Father-daughter team, Danielle Town and Phil Town, are the co-authors of Invested: How Warren Buffett and Charlie Munger Taught Me to Master My Mind, My Emotions, and My Money (with a Little Help from My Dad)which will be published by Harper Collins. They also co-hosts InvestED: The Rule #1 Podcast, which US News and World Report named one of the Top 10 Podcasts of the Year and has reached number two on iTunes Investing Chart and has been downloaded over 3 million times. A startup and venture capital, Attorney Danielle Town earned her law degree from New York University and holds degrees in religion from Wellesley College and the University of Oxford. She spent four years as a big law firm corporate attorney before developing her investing practice and now researches rights and speaks about finding financial freedom through investing on her website DanielleTown.com and her social media.
Phil town is an investor and the author of two New York Times bestselling books on investing, Rule #1 and Payback Time. Formally a broke river guide in the Grand Canyon, a chance encounter led him to start investing with less than $1,000. Five years later, he had turned that money into $1 million by following the strategies of investing created by Ben Graham, Warren Buffett, and Charlie Munger. As hedge fund manager, podcaster, personal stock investor in venture capitalist, he’s grown a portfolio of investments from basically nothing into millions of dollars.
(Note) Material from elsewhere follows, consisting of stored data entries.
lemma
  shows openin_seminorm_topology: "openin (seminorm_topology V add smul P) U \<longleftrightarrow> U \<subseteq> V \<and>
      (\<forall>x0\<in>U. \<exists>J e. finite J \<and> J \<subseteq> P \<and> 0 < e \<and> seminorm_ball V add smul J x0 e \<subseteq> U)"
    and topspace_seminorm_topology: "topspace (seminorm_topology V add smul P) = V"
proof -
  define nbhd where "nbhd U \<longleftrightarrow> U \<subseteq> V \<and>
      (\<forall>x0\<in>U. \<exists>J e. finite J \<and> J \<subseteq> P \<and> 0 < e \<and> seminorm_ball V add smul J x0 e \<subseteq> U)" for U
  have nbhdD: "\<exists>J e. finite J \<and> J \<subseteq> P \<and> 0 < e \<and> seminorm_ball V add smul J x0 e \<subseteq> U"
    if "nbhd U" "x0 \<in> U" for U x0
    using that by (simp add: nbhd_def)
  have nbhd_subset: "U \<subseteq> V" if "nbhd U" for U
    using that by (simp add: nbhd_def)
  have "nbhd (S \<inter> T)" if S: "nbhd S" and T: "nbhd T" for S T
    unfolding nbhd_def
  proof (intro conjI ballI)
    show "S \<inter> T \<subseteq> V" using nbhd_subset[OF S] by blast
    fix x0 assume "x0 \<in> S \<inter> T"
    then obtain J1 e1 where J1: "finite J1" "J1 \<subseteq> P" "0 < e1" "seminorm_ball V add smul J1 x0 e1 \<subseteq> S"
      using nbhdD[OF S, of x0] by auto
    obtain J2 e2 where J2: "finite J2" "J2 \<subseteq> P" "0 < e2" "seminorm_ball V add smul J2 x0 e2 \<subseteq> T"
      using nbhdD[OF T, of x0] \<open>x0 \<in> S \<inter> T\<close> by auto
    have "seminorm_ball V add smul (J1 \<union> J2) x0 (min e1 e2)
        \<subseteq> seminorm_ball V add smul J1 x0 e1 \<inter> seminorm_ball V add smul J2 x0 e2"
      by (intro Int_greatest seminorm_ball_antimono) auto
    then have "seminorm_ball V add smul (J1 \<union> J2) x0 (min e1 e2) \<subseteq> S \<inter> T"
      using J1(4) J2(4) by blast
    then show "\<exists>J e. finite J \<and> J \<subseteq> P \<and> 0 < e \<and> seminorm_ball V add smul J x0 e \<subseteq> S \<inter> T"
      using J1 J2 by (intro exI[of _ "J1 \<union> J2"] exI[of _ "min e1 e2"]) auto
  qed
  moreover have "nbhd (\<Union>K)" if K: "\<forall>U\<in>K. nbhd U" for K
    unfolding nbhd_def
  proof (intro conjI ballI)
    show "\<Union>K \<subseteq> V" using K nbhd_subset by blast
    fix x0 assume "x0 \<in> \<Union>K"
    then obtain U where "U \<in> K" "x0 \<in> U" by blast
    then show "\<exists>J e. finite J \<and> J \<subseteq> P \<and> 0 < e \<and> seminorm_ball V add smul J x0 e \<subseteq> \<Union>K"
      using nbhdD[of U x0] K by (meson Sup_upper order_trans)
  qed
  ultimately have "istopology nbhd"
    unfolding istopology_def by blast
  then have openin: "openin (seminorm_topology V add smul P) = nbhd"
    unfolding seminorm_topology_def nbhd_def seminorm_ball_def by simp
  then show "openin (seminorm_topology V add smul P) U \<longleftrightarrow> U \<subseteq> V \<and>
      (\<forall>x0\<in>U. \<exists>J e. finite J \<and> J \<subseteq> P \<and> 0 < e \<and> seminorm_ball V add smul J x0 e \<subseteq> U)"
    by (simp add: nbhd_def)
  have "nbhd V"
    unfolding nbhd_def seminorm_ball_def by (auto intro!: exI[of _ "{}"] exI[of _ 1])
  then show "topspace (seminorm_topology V add smul P) = V"
    unfolding topspace_def openin nbhd_def by auto
qed

lemma openin_seminorm_topologyD:
  assumes "openin (seminorm_topology V add smul P) U" "x0 \<in> U"
  shows "\<exists>J e. finite J \<and> J \<subseteq> P \<and> 0 < e \<and> seminorm_ball V add smul J x0 e \<subseteq> U"
  using assms(1)[unfolded openin_seminorm_topology, THEN conjunct2] assms(2) by (rule bspec)

lemma openin_seminorm_topology_indistinguishable:
  assumes "openin (seminorm_topology V add smul P) U" "x \<in> U" "x' \<in> V"
    and "\<forall>\<rho>\<in>P. \<rho> (vsub add smul x' x) = 0"
  shows "x' \<in> U"
proof -
  from openin_seminorm_topologyD[OF assms(1,2)]
  obtain J e where J: "J \<subseteq> P" "0 < e" "seminorm_ball V add smul J x e \<subseteq> U"
    by iprover
  have "\<rho> (vsub add smul x' x) < ennreal e" if "\<rho> \<in> J" for \<rho>
  proof -
    have "\<rho> (vsub add smul x' x) = 0" using that J(1) assms(4) by blast
    then show ?thesis using J(2) by simp
  qed
  then have "x' \<in> seminorm_ball V add smul J x e"
    using assms(3) unfolding seminorm_ball_def by blast
  then show ?thesis using J(3) by blast
qed

lemma coarser_seminorm_topology_dominated:
  assumes "\<forall>\<rho>'\<in>P'. \<exists>J. finite J \<and> J \<subseteq> P \<and> (\<forall>x. \<rho>' x \<le> (SUP \<rho>\<in>J. \<rho> x))"
  shows "coarser (seminorm_topology V add smul P') (seminorm_topology V add smul P)"
  unfolding coarser_def
proof (intro allI impI)
  fix U assume U: "openin (seminorm_topology V add smul P') U"
  have "\<exists>D. \<forall>\<rho>'\<in>P'.
      finite (D \<rho>') \<and> D \<rho>' \<subseteq> P \<and> (\<forall>x. \<rho>' x \<le> (SUP \<rho>\<in>D \<rho>'. \<rho> x))"
    using assms by (rule bchoice)
  then obtain D where D: "\<forall>\<rho>'\<in>P'.
      finite (D \<rho>') \<and> D \<rho>' \<subseteq> P \<and> (\<forall>x. \<rho>' x \<le> (SUP \<rho>\<in>D \<rho>'. \<rho> x))"
    by (elim exE)
  have "\<exists>J e. finite J \<and> J \<subseteq> P \<and> 0 < e \<and> seminorm_ball V add smul J x0 e \<subseteq> U" if "x0 \<in> U" for x0
  proof -
    from openin_seminorm_topologyD[OF U that] obtain J' e
      where J': "finite J'" "J' \<subseteq> P'" "0 < e" "seminorm_ball V add smul J' x0 e \<subseteq> U"
      by iprover
    have "seminorm_ball V add smul (\<Union>(D ` J')) x0 e \<subseteq> seminorm_ball V add smul J' x0 e"
    proof
      fix x assume "x \<in> seminorm_ball V add smul (\<Union>(D ` J')) x0 e"
      then have x: "x \<in> V" "\<forall>\<rho>\<in>\<Union>(D ` J'). \<rho> (vsub add smul x x0) < ennreal e"
        unfolding seminorm_ball_def by auto
      have "\<rho>' (vsub add smul x x0) < ennreal e" if "\<rho>' \<in> J'" for \<rho>'
      proof -
        have D\<rho>': "finite (D \<rho>')" "\<forall>x. \<rho>' x \<le> (SUP \<rho>\<in>D \<rho>'. \<rho> x)"
          using D that J'(2) by auto
        have "\<rho>' (vsub add smul x x0) \<le> (SUP \<rho>\<in>D \<rho>'. \<rho> (vsub add smul x x0))"
          using D\<rho>'(2) by blast
        also have "\<dots> < ennreal e"
          using x(2) that D\<rho>'(1) J'(3) by (subst finite_SUP_less_iff) (auto simp: bot_ennreal)
        finally show ?thesis .
      qed
      then show "x \<in> seminorm_ball V add smul J' x0 e"
        using x(1) unfolding seminorm_ball_def by blast
    qed
    then show ?thesis
      using J' D by (intro exI[of _ "\<Union>(D ` J')"] exI[of _ e]) auto
  qed
  moreover have "U \<subseteq> V"
    using U unfolding openin_seminorm_topology by (rule conjunct1)
  ultimately show "openin (seminorm_topology V add smul P) U"
    unfolding openin_seminorm_topology by blast
qed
Welcome to the show, dear friends, Phil and Danielle. Welcome to Conscious PIVOT Podcast.
Thank you, Adam. It’s so good to be here.
It’s great to be here with my daughter and it’s great to be here after hearing you talk about being grateful because the obvious things we could say are they were grateful to be here, which we are. I don’t know if you know this, but the number one best investor in Japan is a man who died recently in his late 80s, Wahei Takeda. He attributed his skill and investing and the success he had in investing to a daily practice of gratitude. I spent three days with him in Japan and this is what he wanted to talk about, being grateful as a basis for making billions of dollars. That’s a pretty powerful testimony for gratefulness right here.
Not only that, but he instituted into his companies. He would invest in something and then insist that the management put that practice into their actual company systems and employees, and if they refused, wouldn’t he get out of the investment?
He literally thought that the practice of gratitude, only the Japanese can do it. You’re going to do it and you do it religiously. The practice of that every day in the corporation would give the corporation wings to fly. Without it, they were grounded and they would have to struggle. He believed in it so deeply that if the corporate CEO did not embrace the concept of gratitude as a practice, a daily practice he instituted in this corporation, Wahei pulled his money out and moved on. What he told me was that those investments did uniformly phenomenal. The rare investment that was based in ingratitude did badly.
He had learned the hard way that when you go at it just on your own understanding and trying to struggle away, the results were not as good. He implemented that in the early ‘50s and pounded away at it his whole life. At the end of his life, that was the thing that he wanted to pass on his legacy. I asked him what of everything that we had talked about in terms of investing that he felt that he had to add to the whole discussion. He said, “Warren Buffett has pretty well nailed down the way you invest properly.”What he wanted to add to that was this legacy of gratitude.
I know we don’t have any skeptics here. Some people are probably smiling as I say that, but for the possibility that there’s a skeptic out there that might say, “The guy’s a billionaire. No wonder he’s grateful.” The question is, “Is he grateful because he’s a billionaire or is he a billionaire because he’s grateful?” What precedes pretty much everything that we want in our lives is rooted out of love and gratitude. What I heard you say was that gratitude is good for business and it’s good for investing.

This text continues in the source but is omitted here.